More than natural (and manmade) surroundings, I need a break to breathe and pray.

Do you ever feel like you need a break to breathe and pray? Better still, do you ever take the time to do it, to step away for some fresh air and a conversation with God?

I need to breathe and pray because I’m stressed.

Why are you stressed, pobrecito?

Life is good. I’m a “fortunate son” with a wonderful family, good health, good job, good connections, a lot of education, a roof over my head, plenty to eat and plenty of creature comforts. How on Earth could I be stressed?

As good as life is, it’s not perfect, and I’m not immune to the emotional and physiological effects of stressful situations. Two examples will suffice.

I just started a new job and moved. Relocating my family was and still is stressful. A bad contractor situation in the midst of the move was and still is stressful.
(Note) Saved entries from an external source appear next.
lemma newton_forward_difference:
  "h (b + nmul m u) = (\<Sum>i<Suc m. nmul (m choose i) ((delta u ^^ i) h b))"
proof (induction m arbitrary: h b)
  case 0
  then show ?case by simp
next
  case (Suc m)
  define X where "X i = (delta u ^^ i) h b" for i
  have shift: "(delta u ^^ i) (delta u h) = (delta u ^^ Suc i) h" for i
    by (simp add: funpow_Suc_right del: funpow.simps)
  have "h (b + nmul (Suc m) u) = h (b + nmul m u) + delta u h (b + nmul m u)"
    by (simp add: delta_def algebra_simps)
  also have "\<dots> = (\<Sum>i<Suc m. nmul (m choose i) (X i)) + (\<Sum>i<Suc m. nmul (m choose i) (X (Suc i)))"
    unfolding Suc[of h] Suc[of "delta u h"] X_def shift ..
  also have "(\<Sum>i<Suc m. nmul (m choose i) (X i)) = X 0 + (\<Sum>i<Suc m. nmul (m choose Suc i) (X (Suc i)))"
  proof -
    have "(\<Sum>i<Suc m. nmul (m choose Suc i) (X (Suc i))) = (\<Sum>i<m. nmul (m choose Suc i) (X (Suc i)))"
      by (simp add: binomial_eq_0)
    then show ?thesis by (simp only: sum.lessThan_Suc_shift) simp
  qed
  also have "X 0 + (\<Sum>i<Suc m. nmul (m choose Suc i) (X (Suc i))) + (\<Sum>i<Suc m. nmul (m choose i) (X (Suc i)))
      = (\<Sum>i<Suc (Suc m). nmul (Suc m choose i) (X i))"
    by (simp add: sum.lessThan_Suc_shift nmul_add_left sum.distrib algebra_simps del: sum.lessThan_Suc)
  finally show ?case unfolding X_def .
qed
I read a lot of news, which I’ve always done and more so now as part of my new job. The news is full of stress-inducing stories from our less-then-perfect world. In turn, my mind is full of things I wish were different in politics, economics, racial relations, society and the world.

Reading the news as I do, I am well-aware what a charmed life I lead. For me to give the above as examples of stressors in my life, for me to offer them as a not-so-subconscious ploy for sympathy is bald proof of how good I have it.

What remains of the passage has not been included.